Le président ukrainien Volodymyr Zelensky et le président américain Donald Trump lors d’une réunion dans le Bureau ovale de la Maison-Blanche, à Washington, le 18 août 2025.
Photo: Mandel Ngan/AFP via Getty Images
Le calendrier de cette nouvelle séquence de négociations, engagée fin octobre, semble largement dicté par l’affaiblissement des forces ukrainiennes sur plusieurs segments clés de la ligne de front et par l’accélération des gains territoriaux russes.

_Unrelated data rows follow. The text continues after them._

lemma eptw_set_star_leaves_but:
  assumes ww: "\<And>j. 1 \<le> j \<Longrightarrow> j \<le> n \<Longrightarrow> 0 < ww j \<and> ww j < 1"
    and n: "2 \<le> n" and i: "i \<in> {1..n}"
  shows "eptw_set (star_V n) (star_E n) (star_w ww) ({1..n} - {i}) =
    ennreal (1 / ww i + 1 / (1 - (\<Prod>j\<in>{1..n} - {i}. 1 - ww j)))"
proof -
  define S where "S = {1..n} - {i}"
  define W where "W = (\<Prod>j\<in>S. 1 - ww j)"
  let ?M = "coin_space (star_w ww)"
  let ?A = "\<lambda>k. no_success (leaf_attempts S k)"
  let ?B = "\<lambda>r m. (?A r - ?A (Suc r)) \<inter> no_success (center_attempts i (Suc r) m)"
  have ww': "\<And>j. j \<in> {1..n} \<Longrightarrow> 0 \<le> ww j \<and> ww j \<le> 1"
    using ww by (simp add: less_imp_le)
  have "finite S"
    by (simp add: S_def)
  have "0 \<le> W" "W < 1"
    using prod_leaves_but_bounds[OF ww n i] by (simp_all add: W_def S_def)
  have sets_A: "?A k \<in> sets ?M" for k
    using \<open>finite S\<close> by (intro sets_coin_space_no_success) (simp add: leaf_attempts_def)
  have sets_B: "?B r m \<in> sets ?M" for r m
    using sets_A \<open>finite S\<close>
    by (intro sets.Int sets.Diff sets_A sets_coin_space_no_success) (simp_all add: center_attempts_def)
  have measure_A: "emeasure ?M (?A k) = ennreal (W ^ k)" for k
    using emeasure_star_no_success[OF ww' i, where r = k and t = 0 and m = 0]
    by (simp add: S_def W_def center_attempts_def)
  have measure_B: "emeasure ?M (?B r m) = ennreal (W ^ r * (1 - W) * (1 - ww i) ^ m)" for r m
    unfolding S_def W_def by (rule emeasure_star_first_leaf_success[OF ww' i])
  have "eptw_set (star_V n) (star_E n) (star_w ww) S =
      (\<integral>\<^sup>+\<omega>. (\<Sum>k. indicator (?A k) \<omega>) \<partial>?M) + (\<integral>\<^sup>+\<omega>. (\<Sum>r. \<Sum>m. indicator (?B r m) \<omega>) \<partial>?M)"
    unfolding eptw_set_def S_def ptw_star_eq_suminf_indicator[OF i]
    using sets_A sets_B by (intro nn_integral_add) (auto simp: S_def)
  also have "(\<integral>\<^sup>+\<omega>. (\<Sum>k. indicator (?A k) \<omega>) \<partial>?M) = (\<Sum>k. ennreal (W ^ k))"
    using sets_A measure_A by (subst nn_integral_suminf) auto
  also have "(\<integral>\<^sup>+\<omega>. (\<Sum>r. \<Sum>m. indicator (?B r m) \<omega>) \<partial>?M) =
      (\<Sum>r. \<Sum>m. ennreal (W ^ r * (1 - W) * (1 - ww i) ^ m))"
    using sets_B measure_B by (subst nn_integral_suminf, measurable, subst nn_integral_suminf) auto
  also have "(\<Sum>k. ennreal (W ^ k)) + \<dots> = ennreal (1 / ww i + 1 / (1 - W))"
    using \<open>0 \<le> W\<close> \<open>W < 1\<close> ww' ww i by (intro suminf_geometric_two_phases) auto
  finally show ?thesis
    by (simp add: S_def W_def)
qed
lemma copies_clone_transpose:
  assumes "sgraph V E" "u \<in> V" "v \<in> V"
    and "(V', F) \<in> copies VH EH V E" "u \<notin> V'" "v \<in> V'"
  shows "(transpose u v ` V', image (transpose u v) ` F) \<in> copies VH EH V (clone E u v)"
proof -
  let ?s = "transpose u v"
  have copy: "V' \<subseteq> V" "F \<subseteq> E" "F \<subseteq> Pow V'" "graph_iso VH EH V' F"
    using assms(4) unfolding copies_def by auto
  have "?s ` V' \<subseteq> V"
    using copy(1) assms(2,3) by (auto simp: transpose_def)
  moreover have "?s ` e \<in> clone E u v" if "e \<in> F" for e
  proof -
    have "e \<in> E" "u \<notin> e"
      using that copy(2,3) assms(5) by auto
    obtain x y where "e = {x, y}" "x \<noteq> y" "x \<in> V" "y \<in> V"
      using \<open>e \<in> E\<close> by (rule sgraph_edgeE[OF assms(1)])
    show ?thesis
    proof (cases "v \<in> e")
      case True
      define w where "w = (if x = v then y else x)"
      have "e = {v, w}" "w \<noteq> v" "w \<noteq> u"
        using True \<open>e = {x, y}\<close> \<open>x \<noteq> y\<close> \<open>u \<notin> e\<close> unfolding w_def by auto
      with \<open>e \<in> E\<close> show ?thesis
        by (simp add: clone_edge_at)
    next
      case False
      then have "?s ` e = e"
        using \<open>u \<notin> e\<close> by simp
      with \<open>e \<in> E\<close> \<open>u \<notin> e\<close> show ?thesis
        by (simp add: clone_edge_avoiding)
    qed
  qed
  moreover have "graph_iso VH EH (?s ` V') (image ?s ` F)"
    using graph_iso_trans[OF copy(4) graph_iso_image[OF inj_on_transpose copy(3)]] .
  moreover have "\<forall>e\<in>image ?s ` F. e \<subseteq> ?s ` V'"
    using copy(3) by blast
  ultimately show ?thesis
    unfolding copies_def by auto
qed

(* Copies avoiding u, or containing both u and v, survive the cloning; copies through v but
   not u are carried by the transposition of u and v to new copies through u but not v. *)
lemma card_copies_clone:
  assumes "complete_multipartite VH EH" "sgraph V E" "u \<in> V" "v \<in> V" "u \<noteq> v" "{u, v} \<notin> E"
  shows "card (copies VH EH V E) + card {c \<in> copies VH EH V E. fst c \<inter> {u, v} = {v}}
    \<le> card (copies VH EH V (clone E u v)) + card {c \<in> copies VH EH V E. fst c \<inter> {u, v} = {u}}"
proof -
  let ?X = "copies VH EH V E" and ?Y = "copies VH EH V (clone E u v)"
  define P where "P = {c \<in> ?X. fst c \<inter> {u, v} = {u}}"
  define Q where "Q = {c \<in> ?X. fst c \<inter> {u, v} = {v}}"
  define swap where "swap = (\<lambda>(V', F). (transpose u v ` V', image (transpose u v) ` F))"
  have fin: "finite ?X" "finite ?Y"
    using finite_copies assms(2) sgraph_clone[OF assms(2,3,6)] by blast+
  have kept: "?X - P \<subseteq> ?Y"
    unfolding P_def using copies_clone[OF assms(1,2,6)] by fastforce
  have "swap c \<in> ?Y \<and> u \<in> fst (swap c) \<and> v \<notin> fst (swap c)" if "c \<in> Q" for c
  proof -
    obtain V' F where c: "c = (V', F)"
      by (cases c)
    with that assms(5) have "(V', F) \<in> ?X" "u \<notin> V'" "v \<in> V'"
      unfolding Q_def by auto
    moreover from this have "u \<in> transpose u v ` V'" "v \<notin> transpose u v ` V'"
      by (force, auto simp: transpose_def)
    ultimately show ?thesis
      using copies_clone_transpose[OF assms(2,3,4)] unfolding c swap_def by simp
  qed
  then have moved: "swap ` Q \<subseteq> ?Y" "(?X - P) \<inter> swap ` Q = {}"
    unfolding P_def by auto
  have "swap (swap c) = c" for c
    unfolding swap_def by (simp add: image_image split: prod.splits)
  then have "inj_on swap Q"
    by (metis inj_on_inverseI)
  then have "card (?X - P) + card Q = card ((?X - P) \<union> swap ` Q)"
    using fin(1) moved(2) by (simp add: card_Un_disjoint card_image Q_def)
  also have "\<dots> \<le> card ?Y"
    using fin(2) kept moved(1) by (simp add: card_mono)
  finally show ?thesis
    using card_Diff_subset[of P ?X] card_mono[of ?X P] fin(1)
    unfolding P_def Q_def by (simp add: finite_subset)
qed
lemma \<beta>_nonneg: "\<beta> \<ge> 0"
  by (rule order_trans[OF _ \<beta>_ge[OF L_pos]]) simp

lemma dims_ge_1: "l \<le> L \<Longrightarrow> real (dims l) \<ge> 1"
  using dims_pos by (simp add: Suc_le_eq)

lemma eta1_le_dims_0: "eta1 \<eta> \<le> real (dims 0)"
  unfolding eta1_def using \<eta>_le dims_ge_1[of 0] by simp

sublocale concentrated_params M L n dims \<rho>
proof -
  have "prob_space M" "sets M = sets borel" "subgauss_conc M (param_dist L n dims) \<rho>"
    using A1 unfolding A1_def by blast+
  then show "concentrated_params M L n dims \<rho>"
    using \<rho>_pos by (simp add: concentrated_params_def concentrated_params_axioms_def)
qed

definition dev :: "real \<Rightarrow> real" where
  "dev c = sqrt (log_blocks L + 4 * c * \<kappa>\<^sup>2 * n)"

lemma dev_nonneg: "c \<ge> 0 \<Longrightarrow> dev c \<ge> 0"
  and dev_squared: "c \<ge> 0 \<Longrightarrow> (dev c)\<^sup>2 = log_blocks L + 4 * c * \<kappa>\<^sup>2 * n"
  unfolding dev_def using log_blocks_nonneg[of L] by auto

definition good_params :: "real \<Rightarrow> params set" where
  "good_params c = {p. op_norm_le (dims 0) n (pX p) (block_bound \<rho> (dims 0) n (dev c)) \<and>
     (\<forall>l<L. op_norm_le (dims (Suc l)) (dims l) (pW p l) (block_bound \<rho> (dims (Suc l)) (dims l) (dev c)))}"
lemma extend_to_total_history:
  assumes "within_inputs \<Theta> k"
  obtains t where "t \<in> total_histories \<Theta>" "k \<subseteq>\<^sub>m t"
proof
  define base where "base \<omega> = (if \<omega> \<in> events \<Theta> then Some (SOME v. v \<in> inputs \<Theta> \<omega>) else None)"
    for \<omega>
  show "k \<subseteq>\<^sub>m base ++ k" by simp
  have "dom k \<subseteq> events \<Theta>" using assms by (rule dom_subset_events_if_within_inputs)
  moreover have "dom base = events \<Theta>" unfolding base_def by (auto split: if_splits)
  ultimately have dom_eq: "dom (base ++ k) = events \<Theta>" by auto
  have "the ((base ++ k) \<omega>) \<in> inputs \<Theta> \<omega>" if "\<omega> \<in> events \<Theta>" for \<omega>
  proof (cases "k \<omega>")
    case None
    have "inputs \<Theta> \<omega> \<noteq> {}" using that unfolding events_eq_inputs_nonempty by blast
    then show ?thesis using None that unfolding base_def by (simp add: map_add_def some_in_eq)
  next
    case (Some v)
    then show ?thesis using assms unfolding within_inputs_def by simp
  qed
  with dom_eq show "base ++ k \<in> total_histories \<Theta>" unfolding total_histories_def by blast
qed

lemma total_history_maximal:
  assumes "k \<in> total_histories \<Theta>" "within_inputs \<Theta> k'" "k \<subseteq>\<^sub>m k'"
  shows "k' = k"
proof (rule map_le_antisym[symmetric])
  have "dom k' \<subseteq> dom k"
    using dom_subset_events_if_within_inputs[OF assms(2)] assms(1) unfolding total_histories_def by simp
  then show "k' \<subseteq>\<^sub>m k" using assms(3) unfolding map_le_def by (metis subsetD)
qed (fact assms(3))

lemma free_choice_if_within_inputs:
  assumes "free_choice \<Theta>" "Ext \<Theta> \<subseteq> Ext T" "\<forall>h\<in>T. within_inputs \<Theta> h"
  shows "free_choice T"
proof -
  have maximal_eq: "maximal_Ext \<Theta> = total_histories \<Theta>" using assms(1) free_choice_iff by blast
  have within: "within_inputs \<Theta> k" if "k \<in> Ext T" for k
    using that assms(3) by (rule within_inputs_Ext)
  have "inputs T = inputs \<Theta>"
    using assms(3) subset_Ext assms(2) by (intro inputs_eq_if_within_inputs) blast+
  then have "total_histories T = total_histories \<Theta>" by (rule total_histories_eqI)
  moreover have "maximal_Ext T = total_histories \<Theta>"
  proof (intro equalityI subsetI)
    fix k
    assume "k \<in> maximal_Ext T"
    then have k: "k \<in> Ext T" and maximal: "\<And>k'. k' \<in> Ext T \<Longrightarrow> k \<subseteq>\<^sub>m k' \<Longrightarrow> k' = k"
      unfolding maximal_Ext_def by auto
    obtain t where t: "t \<in> total_histories \<Theta>" "k \<subseteq>\<^sub>m t"
      using within[OF k] by (rule extend_to_total_history)
    have "t \<in> Ext T" using t(1) maximal_eq assms(2) unfolding maximal_Ext_def by blast
    then have "t = k" using t(2) by (rule maximal)
    then show "k \<in> total_histories \<Theta>" using t(1) by simp
  next
    fix k
    assume k: "k \<in> total_histories \<Theta>"
    then have "k \<in> Ext T" using maximal_eq assms(2) unfolding maximal_Ext_def by blast
    moreover have "k' = k" if "k' \<in> Ext T" "k \<subseteq>\<^sub>m k'" for k'
      using k within[OF that(1)] that(2) by (rule total_history_maximal)
    ultimately show "k \<in> maximal_Ext T" unfolding maximal_Ext_def by blast
  qed
  ultimately show ?thesis unfolding free_choice_iff by simp
qed

lemma vee_prime_subset: "vee_prime S \<Longrightarrow> T \<subseteq> S \<Longrightarrow> vee_prime T"
  unfolding vee_prime_def by blast

lemma space_of_input_histories_subset:
  "space_of_input_histories S \<Longrightarrow> T \<subseteq> S \<Longrightarrow> space_of_input_histories T"
  unfolding space_of_input_histories_def using finite_subset vee_prime_subset by blast
lemma poly_fun_sum:
  "finite A \<Longrightarrow> (\<And>x. x \<in> A \<Longrightarrow> poly_fun I (p x)) \<Longrightarrow> poly_fun I (\<lambda>c. \<Sum>x\<in>A. p x c)"
proof (induction A rule: finite_induct)
  case empty
  then show ?case using poly_fun.const[of I 0] by simp
next
  case (insert a A)
  then show ?case by (simp add: poly_fun.add)
qed

lemma sos_cong: "sos I q \<Longrightarrow> (\<And>c. p c = q c) \<Longrightarrow> sos I p"
  unfolding sos_def by metis

lemma sos_0: "sos I (\<lambda>c. 0)"
  unfolding sos_def by (rule exI[of _ "[]"]) simp

lemma sos_square: "poly_fun I q \<Longrightarrow> sos I (\<lambda>c. (q c)^2)"
  unfolding sos_def by (rule exI[of _ "[q]"]) simp

lemma sos_add:
  assumes "sos I p" "sos I q"
  shows "sos I (\<lambda>c. p c + q c)"
proof -
  obtain ps qs where "\<forall>r\<in>set ps. poly_fun I r" "\<forall>c. p c = (\<Sum>r\<leftarrow>ps. (r c)^2)"
    "\<forall>r\<in>set qs. poly_fun I r" "\<forall>c. q c = (\<Sum>r\<leftarrow>qs. (r c)^2)"
    using assms unfolding sos_def by blast
  then show ?thesis
    unfolding sos_def by (intro exI[of _ "ps @ qs"]) auto
qed

lemma sos_cmult:
  assumes "0 \<le> k" "sos I p"
  shows "sos I (\<lambda>c. k * p c)"
proof -
  obtain ps where ps: "\<forall>r\<in>set ps. poly_fun I r" "\<forall>c. p c = (\<Sum>r\<leftarrow>ps. (r c)^2)"
    using assms(2) unfolding sos_def by blast
  have "k * p c = (\<Sum>r\<leftarrow>map (\<lambda>r c. sqrt k * r c) ps. (r c)^2)" for c
    using ps(2) assms(1) by (simp add: sum_list_const_mult[symmetric] o_def power_mult_distrib)
  then show ?thesis
    unfolding sos_def using ps(1)
    by (intro exI[of _ "map (\<lambda>r c. sqrt k * r c) ps"]) (auto intro: poly_fun_cmult)
qed

lemma sos_sum:
  "finite A \<Longrightarrow> (\<And>x. x \<in> A \<Longrightarrow> sos I (p x)) \<Longrightarrow> sos I (\<lambda>c. \<Sum>x\<in>A. p x c)"
proof (induction A rule: finite_induct)
  case empty
  then show ?case by (simp add: sos_0)
next
  case (insert a A)
  then show ?case by (simp add: sos_add)
qed

lemma sos_sum_list: "(\<And>r. r \<in> set rs \<Longrightarrow> sos I (p r)) \<Longrightarrow> sos I (\<lambda>c. \<Sum>r\<leftarrow>rs. p r c)"
  by (induction rs) (simp_all add: sos_0 sos_add)

lemma sos_mult:
  assumes "sos I p" "sos I q"
  shows "sos I (\<lambda>c. p c * q c)"
proof -
  obtain ps where ps: "\<forall>r\<in>set ps. poly_fun I r" "\<forall>c. p c = (\<Sum>r\<leftarrow>ps. (r c)^2)"
    using assms(1) unfolding sos_def by blast
  obtain qs where qs: "\<forall>s\<in>set qs. poly_fun I s" "\<forall>c. q c = (\<Sum>s\<leftarrow>qs. (s c)^2)"
    using assms(2) unfolding sos_def by blast
  have "sos I (\<lambda>c. \<Sum>r\<leftarrow>ps. \<Sum>s\<leftarrow>qs. (r c * s c)^2)"
    using ps(1) qs(1) by (intro sos_sum_list sos_square poly_fun.mult) auto
  then show ?thesis
    by (rule sos_cong)
      (simp add: ps(2) qs(2) sum_list_mult_const sum_list_const_mult power_mult_distrib)
qed

definition fourier_expansion :: "nat \<Rightarrow> (nat set \<Rightarrow> real) \<Rightarrow> (nat \<Rightarrow> real) \<Rightarrow> real" where
  "fourier_expansion n a x = (\<Sum>\<alpha>\<in>Pow {0..<n}. a \<alpha> * chi \<alpha> x)"

definition weight3 :: "nat \<Rightarrow> (nat set \<Rightarrow> real) \<Rightarrow> real" where
  "weight3 n a = (\<Sum>\<alpha>\<in>Pow {0..<n}. 3 ^ card \<alpha> * (a \<alpha>)^2)"

lemma sum_Pow_lessThan_Suc:
  "(\<Sum>\<alpha>\<in>Pow {0..<Suc n}. g \<alpha>) = (\<Sum>\<alpha>\<in>Pow {0..<n}. g \<alpha>) + (\<Sum>\<alpha>\<in>Pow {0..<n}. g (insert n \<alpha>))"
proof -
  have inj: "inj_on (insert n) (Pow {0..<n})"
    by (rule inj_onI) (metis PowD atLeastLessThan_iff insert_ident less_irrefl subsetD)
  have "(\<Sum>\<alpha>\<in>Pow {0..<Suc n}. g \<alpha>) = (\<Sum>\<alpha>\<in>Pow {0..<n} \<union> insert n ` Pow {0..<n}. g \<alpha>)"
    by (simp add: atLeast0_lessThan_Suc Pow_insert)
  also have "\<dots> = (\<Sum>\<alpha>\<in>Pow {0..<n}. g \<alpha>) + (\<Sum>\<alpha>\<in>insert n ` Pow {0..<n}. g \<alpha>)"
    by (rule sum.union_disjoint) auto
  also have "(\<Sum>\<alpha>\<in>insert n ` Pow {0..<n}. g \<alpha>) = (\<Sum>\<alpha>\<in>Pow {0..<n}. g (insert n \<alpha>))"
    by (simp add: sum.reindex[OF inj])
  finally show ?thesis .
qed

lemma finite_notin_Pow_lessThan: "\<alpha> \<in> Pow {0..<n::nat} \<Longrightarrow> finite \<alpha> \<and> n \<notin> \<alpha>"
  using finite_subset[of \<alpha> "{0..<n}"] by auto

lemma chi_insert_upd:
  "\<alpha> \<in> Pow {0..<n} \<Longrightarrow> chi (insert n \<alpha>) (x(n:=s)) = s * chi \<alpha> x"
  "\<alpha> \<in> Pow {0..<n} \<Longrightarrow> chi \<alpha> (x(n:=s)) = chi \<alpha> x"
  using finite_notin_Pow_lessThan[of \<alpha> n] unfolding chi_def
  by (auto intro!: prod.cong)
(* Let $\mathcal S$ be a trajectory set such that for every $S\in\mathcal S$ and every $j\in\mathbb N_0$ the stopped trajectory $(S_{\min\{i,j\}})_{i\in\mathbb N_0}$ belongs to $\mathcal S$. Then (LOP) and (K) hold for $\mathcal S$.
   Context: Fix $s_0\in\mathbb R$. A trajectory set is any set $\mathcal S$ of real sequences $S=(S_j)_{j\in\mathbb N_0}$ with $S_0=s_0$. A simple portfolio $(V,n,H)$ consists of $V\in\mathbb R$, $n\in\mathbb N$ and nonanticipating functions $H_i:\mathcal S\to\mathbb R$, $0\le i\le n-1$ (i.e. $H_i(S)=h_i(S_0,\dots,S_i)$ for some arbitrary $h_i:\mathbb R^{i+1}\to\mathbb R$). Its wealth is $\Pi^{V,n,H}_j(S)=V+\sum_{i=0}^{\min\{j,n\}-1}H_i(S)(S_{i+1}-S_i)$ and $\Pi^{V,n,H}_\infty:=\Pi^{V,n,H}_n$; it is positive if $V\ge0$ and $\Pi^{V,n,H}_\infty\ge0$ on $\mathcal S$. A positive generalized portfolio is a sequence $(V_m,n_m,H_m)_{m\in\mathbb N}$ of positive simple portfolios; it superhedges $f:\mathcal S\to[0,+\infty]$ with initial endowment $\sum_{m\ge1}V_m$ if $f\le\sum_{m=1}^\infty\Pi^{V_m,n_m,H_m}_\infty$ on $\mathcal S$. $\bar I(f)$ is the infimum of initial endowments of positive generalized portfolios superhedging $f$. Let $\mathcal E=\{\Pi^{V,n,H}_\infty\}$ over all simple portfolios. (LOP): whenever two simple portfolios have equal terminal wealth $\Pi_\infty$ at every $S\in\mathcal S$, their initial endowments coincide; under (LOP), $I:\mathcal E\to\mathbb R$, $I(\Pi^{V,n,H}_\infty)=V$, is well defined. (K): $I(f)+\bar I(f^-)\le\bar I(f^+)$ for every $f\in\mathcal E$ ($f^\pm$ positive/negative parts). *)

theory Defs
  imports Complex_Main "HOL-Library.Extended_Real"
begin

type_synonym traj = "nat \<Rightarrow> real"

definition trajectory_set :: "real \<Rightarrow> traj set \<Rightarrow> bool" where
  "trajectory_set s0 \<S> \<longleftrightarrow> (\<forall>S\<in>\<S>. S 0 = s0)"

text \<open>Strategies are given as functions H :: nat => traj => real; H i is the position
  on [i, i+1]. Nonanticipating: H i S depends only on S 0, ..., S i.\<close>
definition nonanticipating :: "nat \<Rightarrow> (nat \<Rightarrow> traj \<Rightarrow> real) \<Rightarrow> bool" where
  "nonanticipating n H \<longleftrightarrow>
     (\<forall>i<n. \<forall>S S'. (\<forall>k\<le>i. S k = S' k) \<longrightarrow> H i S = H i S')"

definition simple_portfolio :: "real \<Rightarrow> nat \<Rightarrow> (nat \<Rightarrow> traj \<Rightarrow> real) \<Rightarrow> bool" where
  "simple_portfolio V n H \<longleftrightarrow> n \<ge> 1 \<and> nonanticipating n H"

definition wealth :: "real \<Rightarrow> nat \<Rightarrow> (nat \<Rightarrow> traj \<Rightarrow> real) \<Rightarrow> nat \<Rightarrow> traj \<Rightarrow> real" where
  "wealth V n H j S = V + (\<Sum>i<min j n. H i S * (S (Suc i) - S i))"

definition wealth_inf :: "real \<Rightarrow> nat \<Rightarrow> (nat \<Rightarrow> traj \<Rightarrow> real) \<Rightarrow> traj \<Rightarrow> real" where
  "wealth_inf V n H S = wealth V n H n S"

definition positive_portfolio ::
  "traj set \<Rightarrow> real \<Rightarrow> nat \<Rightarrow> (nat \<Rightarrow> traj \<Rightarrow> real) \<Rightarrow> bool" where
  "positive_portfolio \<S> V n H \<longleftrightarrow>
     simple_portfolio V n H \<and> V \<ge> 0 \<and> (\<forall>S\<in>\<S>. wealth_inf V n H S \<ge> 0)"

definition superhedges ::
  "traj set \<Rightarrow> (nat \<Rightarrow> real) \<Rightarrow> (nat \<Rightarrow> nat) \<Rightarrow> (nat \<Rightarrow> nat \<Rightarrow> traj \<Rightarrow> real)
     \<Rightarrow> (traj \<Rightarrow> ereal) \<Rightarrow> bool" where
  "superhedges \<S> Vs ns Hs f \<longleftrightarrow>
     (\<forall>m. positive_portfolio \<S> (Vs m) (ns m) (Hs m)) \<and>
     (\<forall>S\<in>\<S>. f S \<le> (\<Sum>m. ereal (wealth_inf (Vs m) (ns m) (Hs m) S)))"

text \<open>Outer integral: infimum of initial endowments (inf of the empty set is +oo).\<close>
definition Ibar :: "traj set \<Rightarrow> (traj \<Rightarrow> ereal) \<Rightarrow> ereal" where
  "Ibar \<S> f = (INF p \<in> {(Vs, ns, Hs). superhedges \<S> Vs ns Hs f}.
                 (case p of (Vs, ns, Hs) \<Rightarrow> (\<Sum>m. ereal (Vs m))))"
lemma trop_closure_trop_eval:
  assumes "G \<in> trop_closure generators"
  shows "\<exists>p q. (\<exists>\<tau>\<in>\<Delta>. \<exists>u\<in>\<Theta> \<tau>. trop_eval q (ereal_list generators) \<tau> u \<noteq> \<infinity>) \<and>
    (\<forall>\<tau>\<in>\<Delta>. \<forall>u\<in>\<Theta> \<tau>. ereal (G \<tau> u) = trop_eval p (ereal_list generators) \<tau> u - trop_eval q (ereal_list generators) \<tau> u)"
proof -
  obtain P Q where PQ: "P \<noteq> []" "Q \<noteq> []" "\<forall>\<eta> u. G \<eta> u = trop_min P generators \<eta> u - trop_min Q generators \<eta> u"
    using trop_closure_diff_rep[OF assms] by blast
  obtain \<tau> u where "\<tau> \<in> \<Delta>" "u \<in> \<Theta> \<tau>" using Delta_nonempty Theta_nonempty by blast
  then show ?thesis using PQ by (intro exI[of _ P] exI[of _ Q]) (auto simp: trop_eval_eq_trop_min)
qed

lemma infinity_trop_eval:
  "(\<exists>\<tau>\<in>\<Delta>. \<exists>u\<in>\<Theta> \<tau>. trop_eval [(0, \<lambda>_. 0)] ss \<tau> u \<noteq> \<infinity>) \<and>
   (\<forall>\<tau>\<in>\<Delta>. \<forall>u\<in>\<Theta> \<tau>. \<infinity> = trop_eval [] ss \<tau> u - trop_eval [(0, \<lambda>_. 0)] ss \<tau> u)"
proof -
  have "trop_eval [(0, \<lambda>_. 0)] ss \<tau> u = 0" for \<tau> u
    unfolding trop_eval_def by (simp add: zero_ereal_def[symmetric])
  moreover obtain \<tau> u where "\<tau> \<in> \<Delta>" "u \<in> \<Theta> \<tau>" using Delta_nonempty Theta_nonempty by blast
  ultimately show ?thesis by (auto simp: trop_eval_Nil)
qed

Le fait que l’administration Trump ait choisi de prioriser la négociation de cet accord plutôt que de pousser sans tarder le train de sanctions porté par les sénateurs Lindsey Graham (républicain, Caroline du Sud) et Richard Blumenthal (démocrate, Connecticut) donne à penser que le président doute fortement de l’efficacité, à court terme, de sanctions supplémentaires – au prix de l’aliénation de partenaires géopolitiques précieux comme l’Inde – pour enrayer les succès militaires de Moscou.
Deux récits radicalement opposés
La manière dont chacun juge l’ébauche, encore en évolution, du plan de paix américain dépend presque entièrement du récit auquel il adhère.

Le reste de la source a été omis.